WHAT IS BEING ASKED → Every line in the listing below from the one with "g xbar \<longleftrightarrow>" through the one with "ratios exceed the" is to be reproduced exactly, both ends included; leave out the rest.

*** EXERCISE INPUTS Section Begins ***

(* Consider problem (VP) under the standing assumptions at $\bar x\in Q_0$. Let $\bar x$ be a local Geoffrion properly efficient solution of (VP) and suppose $L(Q;\bar x)\subset T(Q_0;\bar x)$, where $L(Q;\bar x):=\{v\in X: f_i^{\circ}(\bar x,v)\leqq0\ \forall i\in I,\ g_j^{\circ}(\bar x,v)\leqq0\ \forall j\in J(\bar x)\}$. Then there is no $u\in X$ such that $f_i^{\circ}(\bar x,u)\leqq0$ for all $i\in I$, $f_i^{\circ}(\bar x,u)<0$ for at least one $i\in I$, and $g_j^{\circ}(\bar x,u)\leqq 0$ for all $j\in J(\bar x)$.
   Context: Standing setting: $X$ is a Banach space; $I=\{1,\dots,p\}$, $J=\{1,\dots,m\}$; $f_i,g_j\colon X\to\mathbb{R}$; (VP) minimizes $f=(f_1,\dots,f_p)$ over $Q_0:=\{x\in X: g_j(x)\leqq 0,\ j\in J\}$. $J(\bar x):=\{j\in J: g_j(\bar x)=0\}$. Standing assumptions: $f_i$ ($i\in I$), $g_j$ ($j\in J(\bar x)$) locally Lipschitz at $\bar x$; $g_j$ ($j\notin J(\bar x)$) continuous at $\bar x$. $Q:=Q_0\cap\{x: f_i(x)\leqq f_i(\bar x),\ i\in I\}$. Clarke derivative: $F^{\circ}(\bar x,u):=\limsup_{x\to\bar x,\,t\downarrow0}\frac{F(x+tu)-F(x)}{t}$. Tangent cone: $T(\Omega;\bar x):=\{d:\exists t_k\downarrow0,\ \exists d^k\to d,\ \bar x+t_kd^k\in\Omega\ \forall k\}$. Local Geoffrion properly efficient solution: there is a neighborhood $U$ of $\bar x$ such that (a) no $x\in U\cap Q_0$ has $f(x)\leqq f(\bar x)$ componentwise with $f(x)\ne f(\bar x)$, and (b) there is $M>0$ such that for every $i\in I$ and every $x\in U\cap Q_0$ with $f_i(x)<f_i(\bar x)$ there exists $j\in I$ with $f_j(x)>f_j(\bar x)$ and $\frac{f_i(\bar x)-f_i(x)}{f_j(x)-f_j(\bar x)}\leqq M$. *)

theory Defs
  imports "HOL-Analysis.Analysis"
begin

definition clarke_dd :: "('a::real_normed_vector \<Rightarrow> real) \<Rightarrow> 'a \<Rightarrow> 'a \<Rightarrow> ereal" where
  "clarke_dd F xbar u =
     Limsup (at (xbar, 0) within (UNIV \<times> {0<..}))
       (\<lambda>(x, t). ereal ((F (x + t *\<^sub>R u) - F x) / t))"

definition locally_lipschitz_at :: "('a::metric_space \<Rightarrow> real) \<Rightarrow> 'a \<Rightarrow> bool" where
  "locally_lipschitz_at F xbar \<longleftrightarrow>
     (\<exists>K \<delta>. \<delta> > 0 \<and> (\<forall>x\<in>ball xbar \<delta>. \<forall>y\<in>ball xbar \<delta>. \<bar>F x - F y\<bar> \<le> K * dist x y))"

definition tangent_cone :: "'a::real_normed_vector set \<Rightarrow> 'a \<Rightarrow> 'a set" where
  "tangent_cone \<Omega> xbar = {d. \<exists>t :: nat \<Rightarrow> real. \<exists>dk :: nat \<Rightarrow> 'a.
      (\<forall>k. t k > 0) \<and> t \<longlonglongrightarrow> 0 \<and> dk \<longlonglongrightarrow> d \<and> (\<forall>k. xbar + t k *\<^sub>R dk k \<in> \<Omega>)}"

definition feas :: "nat \<Rightarrow> (nat \<Rightarrow> 'a \<Rightarrow> real) \<Rightarrow> 'a set" where
  "feas m g = {x. \<forall>j\<in>{1..m}. g j x \<le> 0}"

definition active :: "nat \<Rightarrow> (nat \<Rightarrow> 'a \<Rightarrow> real) \<Rightarrow> 'a \<Rightarrow> nat set" where
  "active m g xbar = {j\<in>{1..m}. g j xbar = 0}"

definition Qset :: "nat \<Rightarrow> (nat \<Rightarrow> 'a \<Rightarrow> real) \<Rightarrow> nat \<Rightarrow> (nat \<Rightarrow> 'a \<Rightarrow> real) \<Rightarrow> 'a \<Rightarrow> 'a set" where
  "Qset p f m g xbar = feas m g \<inter> {x. \<forall>i\<in>{1..p}. f i x \<le> f i xbar}"

definition linearizing_cone ::
  "nat \<Rightarrow> (nat \<Rightarrow> 'a::real_normed_vector \<Rightarrow> real) \<Rightarrow> nat \<Rightarrow> (nat \<Rightarrow> 'a \<Rightarrow> real) \<Rightarrow> 'a \<Rightarrow> 'a set" where
  "linearizing_cone p f m g xbar = {v. (\<forall>i\<in>{1..p}. clarke_dd (f i) xbar v \<le> 0) \<and>
      (\<forall>j\<in>active m g xbar. clarke_dd (g j) xbar v \<le> 0)}"

definition local_geoffrion_proper ::
  "nat \<Rightarrow> (nat \<Rightarrow> 'a::topological_space \<Rightarrow> real) \<Rightarrow> nat \<Rightarrow> (nat \<Rightarrow> 'a \<Rightarrow> real) \<Rightarrow> 'a \<Rightarrow> bool" where
  "local_geoffrion_proper p f m g xbar \<longleftrightarrow>
     (\<exists>U. open U \<and> xbar \<in> U \<and>
        \<not> (\<exists>x\<in>U \<inter> feas m g. (\<forall>i\<in>{1..p}. f i x \<le> f i xbar) \<and> (\<exists>i\<in>{1..p}. f i x \<noteq> f i xbar)) \<and>
        (\<exists>M>0. \<forall>i\<in>{1..p}. \<forall>x\<in>U \<inter> feas m g. f i x < f i xbar \<longrightarrow>
            (\<exists>j\<in>{1..p}. f j x > f j xbar \<and> (f i xbar - f i x) / (f j x - f j xbar) \<le> M)))"

end

theory Submission
  imports Defs
begin

text \<open>Take u as in the conclusion, with f_i0's Clarke derivative below -c < 0. Since u lies in
  L(Q; xbar), it is a tangent direction of Q0: there are feasible points xbar + t_k d_k with
  t_k \<down> 0 and d_k \<rightarrow> u. By local Lipschitz continuity the Clarke derivative bounds the first-order
  change of every f_i along this sequence, so f_i0 decreases by at least c t_k while every other
  objective increases by at most \<epsilon> t_k, for any \<epsilon> > 0. Taking \<epsilon> = c / M makes all trade-off
  ratios exceed the Geoffrion bound M.\<close>

lemma clarke_dd_less_imp_eventually:
  fixes F :: "'a::real_normed_vector \<Rightarrow> real"
  assumes "clarke_dd F xbar u < ereal a" and "\<forall>k. t k > 0" and "t \<longlonglongrightarrow> 0"
  shows "\<forall>\<^sub>F k in sequentially. F (xbar + t k *\<^sub>R u) - F xbar < a * t k"
proof -
  let ?S = "UNIV \<times> {0<..} :: ('a \<times> real) set"
  have ev: "\<forall>\<^sub>F y in at (xbar, 0) within ?S.
      (\<lambda>(x, t). ereal ((F (x + t *\<^sub>R u) - F x) / t)) y < ereal a"
    using Limsup_lessD assms(1) unfolding clarke_dd_def by blast
  have lim: "filterlim (\<lambda>k. (xbar, t k)) (at (xbar, 0) within ?S) sequentially"
  proof (subst filterlim_at, intro conjI)
    show "\<forall>\<^sub>F k in sequentially. (xbar, t k) \<in> ?S \<and> (xbar, t k) \<noteq> (xbar, 0)"
      using assms(2) by (auto intro!: always_eventually) (metis less_irrefl)
    show "((\<lambda>k. (xbar, t k)) \<longlongrightarrow> (xbar, 0)) sequentially"
      using assms(3) by (intro tendsto_Pair) auto
  qed
  have "\<forall>\<^sub>F k in sequentially. ereal ((F (xbar + t k *\<^sub>R u) - F xbar) / t k) < ereal a"
    using eventually_compose_filterlim[OF ev lim] by simp
  then show ?thesis
    by (rule eventually_mono) (use assms(2) in \<open>simp add: pos_divide_less_eq\<close>)
qed

lemma locally_lipschitz_at_nonneg:
  assumes "locally_lipschitz_at F xbar"
  obtains K \<delta> where "K \<ge> 0" "\<delta> > 0"
    "\<And>x y. x \<in> ball xbar \<delta> \<Longrightarrow> y \<in> ball xbar \<delta> \<Longrightarrow> \<bar>F x - F y\<bar> \<le> K * dist x y"
proof -
  obtain K \<delta> where "\<delta> > 0" and K: "\<forall>x\<in>ball xbar \<delta>. \<forall>y\<in>ball xbar \<delta>. \<bar>F x - F y\<bar> \<le> K * dist x y"
    using assms unfolding locally_lipschitz_at_def by blast
  have "\<bar>F x - F y\<bar> \<le> \<bar>K\<bar> * dist x y" if "x \<in> ball xbar \<delta>" "y \<in> ball xbar \<delta>" for x y
    using K that mult_right_mono[OF abs_ge_self zero_le_dist] by (meson order_trans)
  with \<open>\<delta> > 0\<close> show thesis by (intro that[of "\<bar>K\<bar>" \<delta>]) auto
qed

lemma clarke_dd_less_imp_eventually_tangential:
  fixes F :: "'a::real_normed_vector \<Rightarrow> real"
  assumes "clarke_dd F xbar u < ereal a" and "\<forall>k. t k > 0" and "t \<longlonglongrightarrow> 0"
    and "d \<longlonglongrightarrow> u" and "locally_lipschitz_at F xbar"
  shows "\<forall>\<^sub>F k in sequentially. F (xbar + t k *\<^sub>R d k) - F xbar < a * t k"
proof -
  obtain a' where a': "clarke_dd F xbar u < ereal a'" "a' < a"
    using ereal_dense2[OF assms(1)] by auto
  obtain K \<delta> where "K \<ge> 0" "\<delta> > 0"
    and lip: "\<And>x y. x \<in> ball xbar \<delta> \<Longrightarrow> y \<in> ball xbar \<delta> \<Longrightarrow> \<bar>F x - F y\<bar> \<le> K * dist x y"
    using locally_lipschitz_at_nonneg[OF assms(5)] by blast
  \<comment> \<open>The gap a - a' absorbs the Lipschitz error of replacing u by d_k.\<close>
  define \<eta> where "\<eta> = (a - a') / (K + 1)"
  have "\<eta> > 0" "K * \<eta> \<le> a - a'"
    using a'(2) \<open>K \<ge> 0\<close> unfolding \<eta>_def by (auto simp: field_simps)
  have to_xbar: "(\<lambda>k. xbar + t k *\<^sub>R v k) \<longlonglongrightarrow> xbar" if "v \<longlonglongrightarrow> w" for v w
    using tendsto_add[OF tendsto_const tendsto_scaleR[OF assms(3) that]] by simp
  have "\<forall>\<^sub>F k in sequentially. F (xbar + t k *\<^sub>R u) - F xbar < a' * t k"
    using clarke_dd_less_imp_eventually[OF a'(1) assms(2,3)] .
  moreover have "\<forall>\<^sub>F k in sequentially. dist (d k) u < \<eta>"
    using assms(4) \<open>\<eta> > 0\<close> by (rule tendstoD)
  moreover have "\<forall>\<^sub>F k in sequentially. xbar + t k *\<^sub>R d k \<in> ball xbar \<delta>"
    using tendstoD[OF to_xbar[OF assms(4)] \<open>\<delta> > 0\<close>] by (simp add: dist_commute)
  moreover have "\<forall>\<^sub>F k in sequentially. xbar + t k *\<^sub>R u \<in> ball xbar \<delta>"
    using tendstoD[OF to_xbar[OF tendsto_const] \<open>\<delta> > 0\<close>] by (simp add: dist_commute)
  ultimately show ?thesis
  proof eventually_elim
    case (elim k)
    have "t k > 0" using assms(2) by simp
    have "\<bar>F (xbar + t k *\<^sub>R d k) - F (xbar + t k *\<^sub>R u)\<bar>
        \<le> K * dist (xbar + t k *\<^sub>R d k) (xbar + t k *\<^sub>R u)"
      using lip elim(3,4) by blast
    also have "\<dots> = K * (t k * dist (d k) u)"
      using \<open>t k > 0\<close> by (simp add: dist_norm flip: scaleR_diff_right)
    also have "\<dots> \<le> K * \<eta> * t k"
      using mult_left_mono[OF less_imp_le[OF elim(2)], of "K * t k"] \<open>t k > 0\<close> \<open>K \<ge> 0\<close>
      by (simp add: algebra_simps)
    also have "\<dots> \<le> (a - a') * t k"
      using \<open>K * \<eta> \<le> a - a'\<close> \<open>t k > 0\<close> by (simp add: mult_right_mono)
    finally show ?case using elim(1) by (simp add: algebra_simps)
  qed
qed

lemma local_geoffrion_proper_no_first_order_tradeoff:
  assumes "local_geoffrion_proper p f m g xbar"
    and "x \<longlonglongrightarrow> xbar" and "\<forall>k. x k \<in> feas m g" and "\<forall>k. t k > 0"
    and "i0 \<in> {1..p}" and "c > 0"
    and decrease: "\<forall>\<^sub>F k in sequentially. f i0 (x k) - f i0 xbar < - c * t k"
    and small_increase: "\<And>j \<epsilon>. j \<in> {1..p} \<Longrightarrow> \<epsilon> > 0 \<Longrightarrow>
        \<forall>\<^sub>F k in sequentially. f j (x k) - f j xbar < \<epsilon> * t k"
  shows False
proof -
  obtain U M where "open U" "xbar \<in> U" "M > 0"
    and bound: "\<forall>i\<in>{1..p}. \<forall>y\<in>U \<inter> feas m g. f i y < f i xbar \<longrightarrow>
        (\<exists>j\<in>{1..p}. f j y > f j xbar \<and> (f i xbar - f i y) / (f j y - f j xbar) \<le> M)"
    using assms(1) unfolding local_geoffrion_proper_def by blast
  have "\<forall>\<^sub>F k in sequentially. \<forall>j\<in>{1..p}. f j (x k) - f j xbar < c / M * t k"
  proof (intro eventually_ball_finite ballI)
    show "\<forall>\<^sub>F k in sequentially. f j (x k) - f j xbar < c / M * t k" if "j \<in> {1..p}" for j
      using small_increase[OF that, of "c / M"] \<open>c > 0\<close> \<open>M > 0\<close> by simp
  qed simp
  moreover have "\<forall>\<^sub>F k in sequentially. x k \<in> U"
    using topological_tendstoD[OF assms(2) \<open>open U\<close> \<open>xbar \<in> U\<close>] .
  ultimately have "\<forall>\<^sub>F k in sequentially. False"
    using decrease
  proof eventually_elim
    case (elim k)
    have "c * t k > 0" using assms(4) \<open>c > 0\<close> by simp
    then have "f i0 (x k) < f i0 xbar" using elim(3) by simp
    then obtain j where "j \<in> {1..p}" "f j (x k) > f j xbar"
      "(f i0 xbar - f i0 (x k)) / (f j (x k) - f j xbar) \<le> M"
      using bound \<open>i0 \<in> {1..p}\<close> elim(2) assms(3) by blast
    then have "f i0 xbar - f i0 (x k) \<le> M * (f j (x k) - f j xbar)"
      by (simp add: pos_divide_le_eq mult.commute)
    also have "\<dots> < M * (c / M * t k)"
      using elim(1) \<open>j \<in> {1..p}\<close> \<open>M > 0\<close> by (intro mult_strict_left_mono) auto
    also have "\<dots> = c * t k" using \<open>M > 0\<close> by simp
    finally show False using elim(3) by simp
  qed
  then show False by simp
qed

theorem corollary5p3:
  fixes p m :: nat and f g :: "nat \<Rightarrow> 'a::banach \<Rightarrow> real" and xbar :: 'a
  assumes "xbar \<in> feas m g"
    and "\<forall>i\<in>{1..p}. locally_lipschitz_at (f i) xbar"
    and "\<forall>j\<in>active m g xbar. locally_lipschitz_at (g j) xbar"
    and "\<forall>j\<in>{1..m} - active m g xbar. isCont (g j) xbar"
    and "local_geoffrion_proper p f m g xbar"
    and "linearizing_cone p f m g xbar \<subseteq> tangent_cone (feas m g) xbar"
  shows "\<not> (\<exists>u. (\<forall>i\<in>{1..p}. clarke_dd (f i) xbar u \<le> 0) \<and>
              (\<exists>i\<in>{1..p}. clarke_dd (f i) xbar u < 0) \<and>
              (\<forall>j\<in>active m g xbar. clarke_dd (g j) xbar u \<le> 0))"
proof
  assume "\<exists>u. (\<forall>i\<in>{1..p}. clarke_dd (f i) xbar u \<le> 0) \<and>
              (\<exists>i\<in>{1..p}. clarke_dd (f i) xbar u < 0) \<and>
              (\<forall>j\<in>active m g xbar. clarke_dd (g j) xbar u \<le> 0)"
  then obtain u i0 where nonpos: "\<forall>i\<in>{1..p}. clarke_dd (f i) xbar u \<le> 0"
    and "i0 \<in> {1..p}" "clarke_dd (f i0) xbar u < 0"
    and "\<forall>j\<in>active m g xbar. clarke_dd (g j) xbar u \<le> 0" by blast
  then have "u \<in> tangent_cone (feas m g) xbar"
    using assms(6) unfolding linearizing_cone_def by blast
  then obtain t :: "nat \<Rightarrow> real" and d :: "nat \<Rightarrow> 'a" where t: "\<forall>k. t k > 0" "t \<longlonglongrightarrow> 0"
    and "d \<longlonglongrightarrow> u" and feasible: "\<forall>k. xbar + t k *\<^sub>R d k \<in> feas m g"
    unfolding tangent_cone_def by blast
  have "(\<lambda>k. xbar + t k *\<^sub>R d k) \<longlonglongrightarrow> xbar"
    using tendsto_add[OF tendsto_const tendsto_scaleR[OF t(2) \<open>d \<longlonglongrightarrow> u\<close>]] by simp
  have along: "\<forall>\<^sub>F k in sequentially. f i (xbar + t k *\<^sub>R d k) - f i xbar < a * t k"
    if "i \<in> {1..p}" "clarke_dd (f i) xbar u < ereal a" for i a
    using clarke_dd_less_imp_eventually_tangential[OF that(2) t \<open>d \<longlonglongrightarrow> u\<close>] assms(2) that(1)
    by blast
  obtain c where "clarke_dd (f i0) xbar u < ereal (- c)" "c > 0"
  proof -
    obtain a where "clarke_dd (f i0) xbar u < ereal a" "a < 0"
      using ereal_dense2[OF \<open>clarke_dd (f i0) xbar u < 0\<close>] by auto
    then show thesis using that[of "- a"] by simp
  qed
  show False
  proof (rule local_geoffrion_proper_no_first_order_tradeoff
      [OF assms(5) \<open>_ \<longlonglongrightarrow> xbar\<close> feasible t(1) \<open>i0 \<in> {1..p}\<close> \<open>c > 0\<close>])
    show "\<forall>\<^sub>F k in sequentially. f i0 (xbar + t k *\<^sub>R d k) - f i0 xbar < - c * t k"
      using along \<open>i0 \<in> {1..p}\<close> \<open>clarke_dd (f i0) xbar u < ereal (- c)\<close> by blast
    show "\<forall>\<^sub>F k in sequentially. f j (xbar + t k *\<^sub>R d k) - f j xbar < \<epsilon> * t k"
      if "j \<in> {1..p}" "\<epsilon> > 0" for j \<epsilon>
      using along[OF that(1)] nonpos that by (meson ereal_less(2) order.strict_trans1)
  qed
qed

end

*** EXERCISE INPUTS Section Ends ***

EXERCISE RESULT →
  "local_geoffrion_proper p f m g xbar \<longleftrightarrow>
     (\<exists>U. open U \<and> xbar \<in> U \<and>
        \<not> (\<exists>x\<in>U \<inter> feas m g. (\<forall>i\<in>{1..p}. f i x \<le> f i xbar) \<and> (\<exists>i\<in>{1..p}. f i x \<noteq> f i xbar)) \<and>
        (\<exists>M>0. \<forall>i\<in>{1..p}. \<forall>x\<in>U \<inter> feas m g. f i x < f i xbar \<longrightarrow>
            (\<exists>j\<in>{1..p}. f j x > f j xbar \<and> (f i xbar - f i x) / (f j x - f j xbar) \<le> M)))"

end

theory Submission
  imports Defs
begin

text \<open>Take u as in the conclusion, with f_i0's Clarke derivative below -c < 0. Since u lies in
  L(Q; xbar), it is a tangent direction of Q0: there are feasible points xbar + t_k d_k with
  t_k \<down> 0 and d_k \<rightarrow> u. By local Lipschitz continuity the Clarke derivative bounds the first-order
  change of every f_i along this sequence, so f_i0 decreases by at least c t_k while every other
  objective increases by at most \<epsilon> t_k, for any \<epsilon> > 0. Taking \<epsilon> = c / M makes all trade-off
  ratios exceed the Geoffrion bound M.\<close>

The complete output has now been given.